Since 1906, when we produced the world’s first ever feature film, The Story of the Kelly Gang, Australians have been keen filmmakers. With a land mass that is roughly the same size as continental USA, but with a population of approximately 1/7, we punch pretty high above our weight in regard to popular films. As we mark the 229th anniversary of the arrival of the First Fleet to the shores of Botany Bay in Sydney, let’s celebrate just a few of the quirky and iconic Aussie film characters.
Miranda, Picnic at Hanging Rock (1975)
Ethereal, untouchable, beautiful that’s Rock’s Miranda (Anne-Louise Lambert). The Picnic at Hanging Rock mystery has captivated Australians since the book was first published in 1967. Presented as a historical mystery that remains unexplained, debate still goes on over whether it was based on a true story and what exactly happened to the girls on the Rock. The image of Miranda captures all this and is instantly recognisable.
Mad Max, Mad Max (1979)
Really needs nothing said.
Jim Craig, The Man From Snowy River (1982)
While we can’t quote the entire poem by Banjo Paterson, few of us would not recognise (if not recite) the opening few lines. The myth, the man, the legend. An underdog… check. Getting the better of the Yanks (well a Yank)… check. Getting the girl (who is independent, free-thinking and more than capable of holding her own)… check. Coming of age story… check. Defying the odds and doing something just a tad reckless… check. Yep, an Aussie story through and through.
Mick “Crocodile” Dundee, Crocodile Dundee (1986)
Probably one of our most iconic film characters and for a long time, Tourism Australia’s greatest asset. However, we would NEVER throw a shrimp on the barbie. A prawn yes, but not a shrimp. It also introduced “that’s not a knife… THAT’s a knife” to our vernacular.
Albert Einstein, Young Einstein (1988)
Bet you didn’t know that Albert Einstein (Yahoo Serious) was really the son of a Tasmanian apple farmer, who on trying to get bubbles into beer (extremely important), he worked out the theory of relativity and split the atom with a chisel?

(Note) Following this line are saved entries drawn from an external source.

lemma poisson_average_gauss_profile_error:
  fixes d r a t \<theta> c0 :: real
  assumes d: "d > 0" and r: "r \<ge> 0" and a: "a > 0" and t: "t \<ge> 0" and \<theta>: "\<theta> > 0"
    and c0: "c0 > 0" "c0 \<le> \<theta> * a"
  defines "C \<equiv> heat_error_const d c0"
  shows "\<bar>(\<Sum>k. poisson_weight (\<theta> * t) k * gauss_profile d r (a + real k / \<theta>))
             - gauss_profile d r (a + t)\<bar>
           \<le> C / sqrt (a * \<theta>) * gauss_profile d r (6 * (a + t))
             + C / (a + t) powr (d / 2) * exp (- a * \<theta> / 2)"
proof -
  define s where "s = a + t"
  define E where "E = s powr (- d / 2) * exp (- a * \<theta> / 2)"
  have "s > 0" "E \<ge> 0" using a t by (simp_all add: s_def E_def)
  have "0 \<le> gauss_lip_const d" "gauss_lip_const d \<le> C"
    "0 < sqrt (a * \<theta>)" "sqrt (a * \<theta>) \<le> sqrt (\<theta> * s)"
    using a t \<theta> d gauss_lip_const_nonneg[of d]
    by (simp_all add: C_def heat_error_const_def s_def algebra_simps)
  then have "gauss_lip_const d / sqrt (\<theta> * s) * gauss_profile d r (6 * s)
      \<le> C / sqrt (a * \<theta>) * gauss_profile d r (6 * s)"
    by (intro mult_right_mono gauss_profile_nonneg frac_le) auto
  moreover have "(2 * pi * a) powr (- d / 2) * exp (2 * \<theta> * (s / 10 - a))
        * exp (\<theta> * t * (exp (- 2) - 1))
      + (6 * pi * s) powr (- d / 2) * exp (\<theta> * (a - 3 * s)) * exp (\<theta> * t * (exp 1 - 1))
      \<le> (c0 powr (- d / 2) * (5 * d) powr (d / 2) + 1) * E"
  proof -
    have "(2 * pi * a) powr (- d / 2) * exp (2 * \<theta> * (s / 10 - a)) * exp (\<theta> * t * (exp (- 2) - 1))
        \<le> c0 powr (- d / 2) * (5 * d) powr (d / 2) * E"
      using poisson_small_time_tail[OF d a t \<theta> c0] unfolding s_def E_def by (simp only: mult.assoc)
    moreover have
      "(6 * pi * s) powr (- d / 2) * exp (\<theta> * (a - 3 * s)) * exp (\<theta> * t * (exp 1 - 1)) \<le> E"
      using poisson_large_time_tail[OF less_imp_le[OF d] a t \<theta>] unfolding s_def E_def .
    ultimately show ?thesis by (simp add: distrib_right)
  qed
  moreover have
    "(c0 powr (- d / 2) * (5 * d) powr (d / 2) + 1) * E \<le> C / s powr (d / 2) * exp (- a * \<theta> / 2)"
  proof -
    have "(c0 powr (- d / 2) * (5 * d) powr (d / 2) + 1) * E \<le> C * E"
      using \<open>E \<ge> 0\<close> gauss_lip_const_nonneg[OF less_imp_le[OF d]]
      by (intro mult_right_mono) (simp_all add: C_def heat_error_const_def)
    also have "\<dots> = C / s powr (d / 2) * exp (- a * \<theta> / 2)"
      by (simp add: E_def powr_minus_divide)
    finally show ?thesis .
  qed
  ultimately show ?thesis
    using poisson_average_gauss_profile_deviation[OF less_imp_le[OF d] r a t \<theta>]
    unfolding s_def by linarith
qed

theorem mainTheorem19:
  fixes c0 :: real
  assumes "c0 > 0"
  shows "\<exists>C::real. \<forall>(\<epsilon>::real) (\<theta>::real) (t::real) (x::real^'n) (y::real^'n).
           \<epsilon> > 0 \<longrightarrow> \<theta> > 0 \<longrightarrow> \<theta> * \<epsilon>\<^sup>2 \<ge> c0 \<longrightarrow> t \<ge> 0 \<longrightarrow>
           \<bar>psi \<theta> \<epsilon> x t y - heat_kernel (\<epsilon>\<^sup>2 + t) x y\<bar>
             \<le> C / sqrt (\<epsilon>\<^sup>2 * \<theta>) * heat_kernel (6 * (\<epsilon>\<^sup>2 + t)) x y
               + C / (\<epsilon>\<^sup>2 + t) powr (real CARD('n) / 2) * exp (- \<epsilon>\<^sup>2 * \<theta> / 2)"
proof (intro exI allI impI)
  fix \<epsilon> \<theta> t :: real and x y :: "real^'n"
  assume "\<epsilon> > 0" "\<theta> > 0" "\<theta> * \<epsilon>\<^sup>2 \<ge> c0" "t \<ge> 0"
  define d where "d = real CARD('n)"
  define r where "r = (norm (x - y))\<^sup>2"
  have "d > 0" by (simp add: d_def)
  have "psi \<theta> \<epsilon> x t y = (\<Sum>k. poisson_weight (\<theta> * t) k * gauss_profile d r (\<epsilon>\<^sup>2 + real k / \<theta>))"
    by (simp add: psi_def poisson_weight_def heat_kernel_eq_gauss_profile d_def r_def)
  then show "\<bar>psi \<theta> \<epsilon> x t y - heat_kernel (\<epsilon>\<^sup>2 + t) x y\<bar>
      \<le> heat_error_const (real CARD('n)) c0 / sqrt (\<epsilon>\<^sup>2 * \<theta>) * heat_kernel (6 * (\<epsilon>\<^sup>2 + t)) x y
        + heat_error_const (real CARD('n)) c0 / (\<epsilon>\<^sup>2 + t) powr (real CARD('n) / 2)
            * exp (- \<epsilon>\<^sup>2 * \<theta> / 2)"
    using poisson_average_gauss_profile_error[OF \<open>d > 0\<close>, of r "\<epsilon>\<^sup>2" t \<theta> c0] \<open>\<epsilon> > 0\<close> \<open>\<theta> > 0\<close> \<open>t \<ge> 0\<close>
      \<open>\<theta> * \<epsilon>\<^sup>2 \<ge> c0\<close> assms
    by (simp add: heat_kernel_eq_gauss_profile d_def r_def mult.commute)
qed

end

Wanting to patent his idea, he heads off to Sydney. Yep, oh and while there he also invented surfing and rock ‘n’ roll and hooked up with Marie Curie. We’re a talented bunch us Aussies.
Muriel Heslop, Muriel’s Wedding (1994)
It’s hard growing up in Porpoise Spit when everyone hates you, including your own sister who constantly tells you, “You’re terrible Muriel”. No wonder Muriel (Toni Collette) took advantage of a lucky opportunity and got the hell out of dodge and down to Sydney. The ABBA-loving, free-spirited girl just wanted to be loved and to be a bride. While being a bride didn’t work out too well, we certainly all fell in love with her.
The Kerrigan Family, The Castle (1997)
It’s almost impossible to single out one member of this loveable Melbournian family. From the mum, Sal (Anne Tenney) who manages to dish up some good, hearty meals for the brood, to the classifieds obsessed brother (Anthony Simco). From the amateur kickboxing son-in-law (Eric Bana) to Dale (Stephen Curry), the digger of holes and narrator of the piece. And you cannot forget the family’s patriarch Darryl (Michael Caton). The family brought the following classic lines into the Australian vocabulary, among others:
“This is going straight to the pool room”
“How’s the serenity?”
“Tell him he’s dreaming”
“We’re goin’ to Boony Doon”
“Darryl: Whaddya call this, luv?
Sal: Ice cream
Darryl: Yeah, but it’s the way you do it.
Dale: How did you do it, Mum?
Sal: Scooped it out the punnet.”
Mark “Chopper” Read, Chopper (2000) and Ned Kelly, Ned Kelly (2003)
Aussies have always loved the underdog and this often extends to our bushrangers and criminals. Though separated by roughly a century, Ned Kelly (Heath Ledger) is probably our most famous and iconic bushranger and Chopper (Eric Bana) is one of our most infamous modern day criminals. Both figures provided excellent subject material for Ledger and Bana, with memorable performances.
Molly Craig, Rabbit-Proof Fence (2002)
The image of Molly (Everlyn Sampi) carrying her sister Daisy (Tianna Sansbury) on their journey home along the rabbit-proof fence has become as iconic as Rock’s Miranda. Her image and the film helped to bring home the atrocities of the Stolen Generation.
Mick Taylor, Wolf Creek (2005)
This film still gives us nightmares. Loosely based on a couple of different backpacker murderers, for a generation who had mostly known John Jarrett from hosting lifestyle program Better Homes and Gardens and his role on TV drama McLeod’s Daughters, his portrayal of Mick Taylor scarred us for life.